WazirX Hack Analysis

0xjarix

06 Mar 2025 • 3 min read

Overview

On July 18th, 2024, WazirX, India's leading cryptocurrency exchange fell victim to a ~$230 Million attack. One of their self-custodial safe multi-sig wallets was compromised and drained.

Main addresses and transactions

Attacker’s Address: 0x6eedf
Related Address Chain (Stolen fund is in these addresses): 0x04b21, 0x35feb, 0x90ca7, 0x36138
Malicious Contract Address used for phishing: 0xef279
Affected WazirX Address: 0x27fd4
Attack Tx: 0x48164

Main actors

Victim: WazirX 📉
Weak link: WazirX's signers ✍🏻
other weak link: Liminal custody
Hacker: DPRK-linked actors (Lazarus Group) 🇰🇵
Vulnerable party: Safe 🔐
Detector: Cyvers 🚨
Investigators: Mudit Gupta & ZachXBT 🕵🏻‍♂️
Mixer: TornadoCash🌪️

🚨Attack Detection🚨

Suspicious Tx involving WazirX's Safe wallet on the ETH network
$234.9M have been moved to a new address
Tx callers are funded by TornadoCash
Suspicious address has swapped numerous assets to ETH
With no response for 30 minutes, Cyvers took it to X

The attack at the smart contract level

The hackers started practicing the attack for at least 8 days
The wallet tried to do a USDT transfer minutes before the hack started
... But it failed because 2/4 signatures were for upgrading the safe to a malicious contract rather than USDT transfer
The 2 signers were tricked into signing malicious tx in the name of a normal USDT transfer
Once the tx was published onchain, it failed but the hackers got the signatures that they wanted as signatures are submitted publicly in tx
The hackers then used the other 2 compromised private keys to generate 2 more signatures and successfully executed the exploit tx to upgrade the multisig to a malicious contract that transfers all funds to them.
One of the 2 phished signatures is actually a pre-validated signature indicating that the `msg.sender` (co-signer from Liminal custody) authorizes the tx
The attackers upgraded the Multi-sig wallet to a malicious contract through a delegateCall()
The delegate call targeted the function 0x804e1f0a, which modified slot0 of the multisig proxy storage
Now, slot0 which stores the address of the implementation is storing that of a new implementation, the malicious contract
It allowed them to drain the wallet from its funds as the new implementation contract was designed to transfer assets out of the multi-sig wallet
Each tx to the multi-sig triggered a delegateCall() to this malicious contract, enabling continuous draining of funds.

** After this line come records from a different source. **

lemma L2_edge_in_rc_edges:
  assumes "f \<in> L2_edges E"
  obtains e where "f \<in> rc_edges E e"
proof -
  from assms have "f \<in> lg_edges (lg_edges E)" by (simp add: L2_edges_def)
  then obtain p q where "f = {p, q}" "p \<in> lg_edges E" "q \<in> lg_edges E" "p \<inter> q \<noteq> {}"
    by (rule lg_edgesE)
  then obtain e where "e \<in> p" "e \<in> q" "f = {p, q}" "p \<in> lg_edges E" "q \<in> lg_edges E" by blast
  with assms have "f \<in> rc_edges E e"
    by (auto simp: rc_edges_def rc_verts_def)
  then show thesis by (rule that)
qed

text \<open>The triangles of L(L(G)) removed in L_2(G) come from triangles of L(G), and such a
  triangle containing {a, d} and {d, c} would make a and c adjacent in L(G).\<close>
lemma turn_in_rc_edges:
  assumes ad: "{a, d} \<in> lg_edges E" and dc: "{d, c} \<in> lg_edges E"
    and "a \<noteq> c" and ac: "{a, c} \<notin> lg_edges E"
  shows "{{a, d}, {d, c}} \<in> rc_edges E d"
proof -
  have "{a, d} \<noteq> {d, c}" using \<open>a \<noteq> c\<close> by (auto simp: doubleton_eq_iff)
  then have lg: "{{a, d}, {d, c}} \<in> lg_edges (lg_edges E)"
    using ad dc by (auto simp: doubleton_in_lg_edges_iff)
  have "\<not> {{a, d}, {d, c}} \<subseteq> \<tau>" if "\<tau> \<in> calT E" for \<tau>
  proof
    assume sub: "{{a, d}, {d, c}} \<subseteq> \<tau>"
    from that obtain s where s: "s \<in> triangles (lg_edges E)" "\<tau> = {\<epsilon> \<in> lg_edges E. \<epsilon> \<subseteq> s}"
      unfolding calT_def by blast
    then obtain x y z where xyz: "s = {x, y, z}"
      "{x, y} \<in> lg_edges E" "{y, z} \<in> lg_edges E" "{x, z} \<in> lg_edges E"
      unfolding triangles_def by blast
    from sub s(2) xyz(1) have "a \<in> {x, y, z}" "c \<in> {x, y, z}" by auto
    with xyz(2-4) \<open>a \<noteq> c\<close> have "{a, c} \<in> lg_edges E"
      by (auto simp: insert_commute)
    with ac show False ..
  qed
  with lg have "{{a, d}, {d, c}} \<in> L2_edges E"
    unfolding L2_edges_def by blast
  with ad dc show ?thesis
    by (simp add: rc_edges_def rc_verts_def)
qed

section \<open>Labelings and their cycles\<close>

lemma valid_labeling_open_edge:
  assumes "valid_labeling E \<Lambda>" "e \<in> E" "q \<in> rc_verts E e"
  obtains g where "g \<in> rc_edges E e" "q \<in> g" "\<Lambda> g = 1"
proof -
  have "reduced_clique E e \<in> reduced_cliques E"
    using assms(2) by (simp add: reduced_cliques_eq)
  then obtain f g where fg: "f \<in> rc_edges E e" "g \<in> rc_edges E e" "q \<in> f" "q \<in> g" "\<Lambda> f \<noteq> \<Lambda> g"
    using assms(1,3) unfolding valid_labeling_def reduced_clique_def by fastforce
  moreover have "\<Lambda> f \<in> {0, 1}" "\<Lambda> g \<in> {0, 1}"
    using assms(1) fg(1,2) unfolding valid_labeling_def rc_edges_def by auto
  ultimately show thesis using that by auto
qed

definition open_reach :: "'a set set \<Rightarrow> 'a labeling \<Rightarrow> 'a set set \<Rightarrow> 'a set set set" where
  "open_reach E \<Lambda> p = {q. (\<lambda>x y. {x, y} \<in> open_edges E \<Lambda>)\<^sup>*\<^sup>* p q}"
lemma transporter_ratio_self_nonzero:
  assumes "i < n_classes"
  shows "transporter_ratio i (class_rep i) \<noteq> 0"
proof -
  have rep: "class_rep i \<in> subs G S"
    by (rule class_rep_represents(1)[OF assms])
  have "\<one>\<^bsub>G\<^esub> \<in> transporter G (class_rep i) (class_rep i)"
    using image_conjm_one[OF subs_subset_carrier[OF rep]] by (simp add: transporter_def)
  moreover have "finite (transporter G (class_rep i) (class_rep i))"
    using finite_carrier finite_subset by (fastforce simp: transporter_def)
  ultimately show ?thesis
    unfolding transporter_ratio_def using subs_card_pos[OF rep] card_gt_0_iff by fastforce
qed

lemma class_weight_nonzero:
  assumes "i \<in> cyclic_classes"
  shows "class_weight i \<noteq> 0"
proof -
  obtain x where x: "x \<in> S" "class_rep i = generate G {x}"
    using assms unfolding cyclic_classes_def cyclic_subs_def by blast
  then have "x \<in> class_generators i"
    using subgroup.subset[OF subgroup_S] conjugate_refl[OF generate_incl]
    by (auto simp: class_generators_def)
  moreover have "finite (class_generators i)" "card (carrier G) > 0"
    using finite_carrier card_gt_0_iff by (auto simp: class_generators_def)
  ultimately show ?thesis
    unfolding class_weight_def using card_gt_0_iff by fastforce
qed

text \<open>A conjugate of class_rep j inside the no larger class_rep i would be all of it.\<close>
lemma transporter_ratio_eq_zero:
  assumes ij: "i < n_classes" "j < n_classes" "i \<noteq> j"
    and card_le: "card (class_rep i) \<le> card (class_rep j)"
  shows "transporter_ratio j (class_rep i) = 0"
proof -
  have "transporter G (class_rep j) (class_rep i) = {}"
  proof (rule ccontr)
    assume "transporter G (class_rep j) (class_rep i) \<noteq> {}"
    then obtain h where h: "h \<in> carrier G" "conjm G h ` class_rep j \<subseteq> class_rep i"
      unfolding transporter_def by blast
    have sub_j: "class_rep j \<subseteq> carrier G"
      using subs_subset_carrier class_rep_represents(1)[OF ij(2)] by blast
    have conj: "conjugate (class_rep j) (conjm G h ` class_rep j)"
      unfolding conjugate_def using h by blast
    then have "conjm G h ` class_rep j = class_rep i"
      using card_seteq[OF subs_finite[OF class_rep_represents(1)[OF ij(1)]] h(2)] card_le
        conjugate_card[OF sub_j] by simp
    then show False
      using conj class_rep_conjugate_imp_eq ij by metis
  qed
  then show ?thesis
    unfolding transporter_ratio_def by simp
qed

lemma rank_double_coset_matrix:
  "vec_space.rank n_classes (double_coset_matrix G S) = card cyclic_classes"
proof -
  have "double_coset_matrix G S = mat n_classes n_classes (\<lambda>(i, j). \<Sum>l\<in>cyclic_classes.
      transporter_ratio l (class_rep i) * class_weight l * transporter_ratio l (class_rep j))"
    unfolding double_coset_matrix_eq
    by (intro eq_matI) (simp_all add: card_double_cosets_eq_sum class_rep_represents(1))
  also have "vec_space.rank n_classes \<dots> = card cyclic_classes"
    by (rule rank_sum_triangular_products[where c = "card \<circ> class_rep"])
      (auto simp: cyclic_classes_def transporter_ratio_self_nonzero class_weight_nonzero
        transporter_ratio_eq_zero)
  finally show ?thesis .
qed

lemma F_classes_cyclic_eq_image:
  assumes "realizes G S Hom"
  shows "F_classes_cyclic G S Hom = (\<lambda>P. conj_rel `` {P}) ` cyclic_subs G S"
proof -
  have "{(P, Q). P \<in> cyclic_subs G S \<and> Q \<in> cyclic_subs G S \<and> F_conjugate Hom P Q} `` {P}
      = conj_rel `` {P}" if P: "P \<in> cyclic_subs G S" for P
  proof (intro equalityI subsetI)
    fix Q assume "Q \<in> {(P, Q). P \<in> cyclic_subs G S \<and> Q \<in> cyclic_subs G S \<and> F_conjugate Hom P Q} `` {P}"
    then show "Q \<in> conj_rel `` {P}"
      using P cyclic_subs_subset F_conjugate_iff_conjugate[OF assms] by (auto simp: conj_rel_iff)
  next
    fix Q assume "Q \<in> conj_rel `` {P}"
    then show "Q \<in> {(P, Q). P \<in> cyclic_subs G S \<and> Q \<in> cyclic_subs G S \<and> F_conjugate Hom P Q} `` {P}"
      using P conjugate_cyclic_subs F_conjugate_iff_conjugate[OF assms] by (auto simp: conj_rel_iff)
  qed
  then show ?thesis
    unfolding F_classes_cyclic_def quotient_def by auto
qed
lemma powr_integral_interpolation:
  assumes "\<psi> \<in> nontrivial_test_funs \<Omega>" "0 < s" "0 < t" "0 < l" "l < 1"
  shows "powr_integral (l * s + (1 - l) * t) \<psi> \<le> powr_integral s \<psi> powr l * powr_integral t \<psi> powr (1 - l)"
proof -
  have "0 < l * s + (1 - l) * t"
    using assms by (simp add: add_pos_pos)
  then show ?thesis
    using assms powr_integral_pos[OF assms(1)] unfolding powr_integral_def nontrivial_test_funs_def
    by (intro integral_abs_powr_interpolation integrable_abs_powr_test_fun[of \<Omega>]) auto
qed

lemma interpolated_quotient_ge_geometric_mean:
  fixes G N0 N1 Nq l p q0 q1 :: real
  assumes "0 < q0" "0 < q1" "0 < l" "l < 1" "0 \<le> p"
    and "0 < N0" "0 < N1" "0 < Nq" "0 \<le> G"
    and "Nq \<le> N0 powr l * N1 powr (1 - l)"
  defines "q \<equiv> l * q0 + (1 - l) * q1"
  shows "(G / N0 powr (p / q0)) powr (l * q0 / q) * (G / N1 powr (p / q1)) powr (1 - l * q0 / q)
    \<le> G / Nq powr (p / q)"
proof -
  define m where "m = l * q0 / q"
  have q: "0 < q"
    using assms unfolding q_def by (simp add: add_pos_pos)
  have exponent0: "p / q0 * m = l * (p / q)"
    using assms unfolding m_def by simp
  have "1 - m = (q - l * q0) / q"
    using q unfolding m_def by (simp add: field_simps)
  also have "q - l * q0 = (1 - l) * q1"
    unfolding q_def by simp
  finally have exponent1: "p / q1 * (1 - m) = (1 - l) * (p / q)"
    using assms by simp
  have "(G / N0 powr (p / q0)) powr m * (G / N1 powr (p / q1)) powr (1 - m)
      = (G powr m * G powr (1 - m)) / (N0 powr (p / q0 * m) * N1 powr (p / q1 * (1 - m)))"
    using assms by (simp add: powr_divide powr_powr)
  also have "G powr m * G powr (1 - m) = G"
    using assms by (simp add: powr_add[symmetric])
  also have "N0 powr (p / q0 * m) * N1 powr (p / q1 * (1 - m)) = (N0 powr l * N1 powr (1 - l)) powr (p / q)"
    using assms unfolding exponent0 exponent1 by (simp add: powr_mult powr_powr)
  also have "G / (N0 powr l * N1 powr (1 - l)) powr (p / q) \<le> G / Nq powr (p / q)"
    using assms q by (intro divide_left_mono powr_mono2 mult_pos_pos) auto
  finally show ?thesis
    unfolding m_def .
qed

lemma geometric_mean_le_lambda_pq:
  assumes "0 < q0" "q0 < q" "q < p"
    and "0 < a" "ereal a \<le> lambda_pq p q0 \<Omega>" and "0 \<le> b" "ereal b \<le> lambda_pq p p \<Omega>"
  defines "\<mu> \<equiv> (p - q) / (p - q0) * q0 / q"
  shows "ereal (a powr \<mu> * b powr (1 - \<mu>)) \<le> lambda_pq p q \<Omega>"
proof -
  define l where "l = (p - q) / (p - q0)"
  have q: "0 < q" and p: "0 < p"
    using assms(1-3) by simp_all
  have l: "0 < l" "l < 1"
    using assms(1-3) unfolding l_def by (simp_all add: divide_less_eq)
  have "l * q0 + (1 - l) * p = p - (p - q0) * l"
    by (simp add: algebra_simps)
  also have "(p - q0) * l = p - q"
    using assms(2,3) unfolding l_def by simp
  finally have q_eq: "l * q0 + (1 - l) * p = q"
    by simp
  have "l * q0 < q0"
    using l assms(1) by simp
  then have "l * q0 < q"
    using assms(2) by linarith
  moreover have \<mu>_eq: "\<mu> = l * q0 / q"
    unfolding \<mu>_def l_def by simp
  ultimately have \<mu>: "0 < \<mu>" "\<mu> < 1"
    using l assms(1) q by (simp_all add: divide_less_eq)
  show ?thesis
    unfolding lambda_pq_eq_INF_rayleigh_quotient[OF q]
  proof (rule INF_greatest)
    fix \<psi> assume \<psi>: "\<psi> \<in> nontrivial_test_funs \<Omega>"
    note N = powr_integral_pos[OF \<psi>]
    have "ereal a \<le> rayleigh_quotient p q0 \<Omega> \<psi>"
      using order_trans[OF assms(5) lambda_pq_le_rayleigh_quotient[OF \<psi> assms(1)]] .
    moreover have "ereal b \<le> rayleigh_quotient p p \<Omega> \<psi>"
      using order_trans[OF assms(7) lambda_pq_le_rayleigh_quotient[OF \<psi> p]] .
    ultimately have "a powr \<mu> * b powr (1 - \<mu>)
        \<le> rayleigh_quotient p q0 \<Omega> \<psi> powr \<mu> * rayleigh_quotient p p \<Omega> \<psi> powr (1 - \<mu>)"
      using assms(4,6) \<mu> by (intro mult_mono powr_mono2) auto
    also have "\<dots> \<le> rayleigh_quotient p q \<Omega> \<psi>"
    proof -
      have "powr_integral q \<psi> \<le> powr_integral q0 \<psi> powr l * powr_integral p \<psi> powr (1 - l)"
        using powr_integral_interpolation[OF \<psi> assms(1) p l] unfolding q_eq .
      from interpolated_quotient_ge_geometric_mean[OF assms(1) p l less_imp_le[OF p]
          N[OF assms(1)] N[OF p] N[OF q] grad_energy_nonneg this]
      show ?thesis
        unfolding rayleigh_quotient_def \<mu>_eq q_eq .
    qed
    finally show "ereal (a powr \<mu> * b powr (1 - \<mu>)) \<le> ereal (rayleigh_quotient p q \<Omega> \<psi>)"
      by simp
  qed
qed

🔐After (and even before) the 1.4B ByBit hack, X has been generous with best practices to prevent signer-level attacks from happening. Decided to gather them all in one place 🧵@shafu0x @PaulFrambot @PatrickAlphaC @pcaversaccio @alcueca @_SEAL_Org
— 0xjarix (@0xjarix) February 24, 2025

Check out this tweet to stay safe

Key Takeaways

Smart contracts are starting to be very secured so hackers target weakest link: humans
Safe's Front-end was vulnerable, it was confirmed through the bybit hack so web2 audits have to be better
Signers should know what they're signing (|)0/\/'T TR|\_|5T, \/3R1FY!)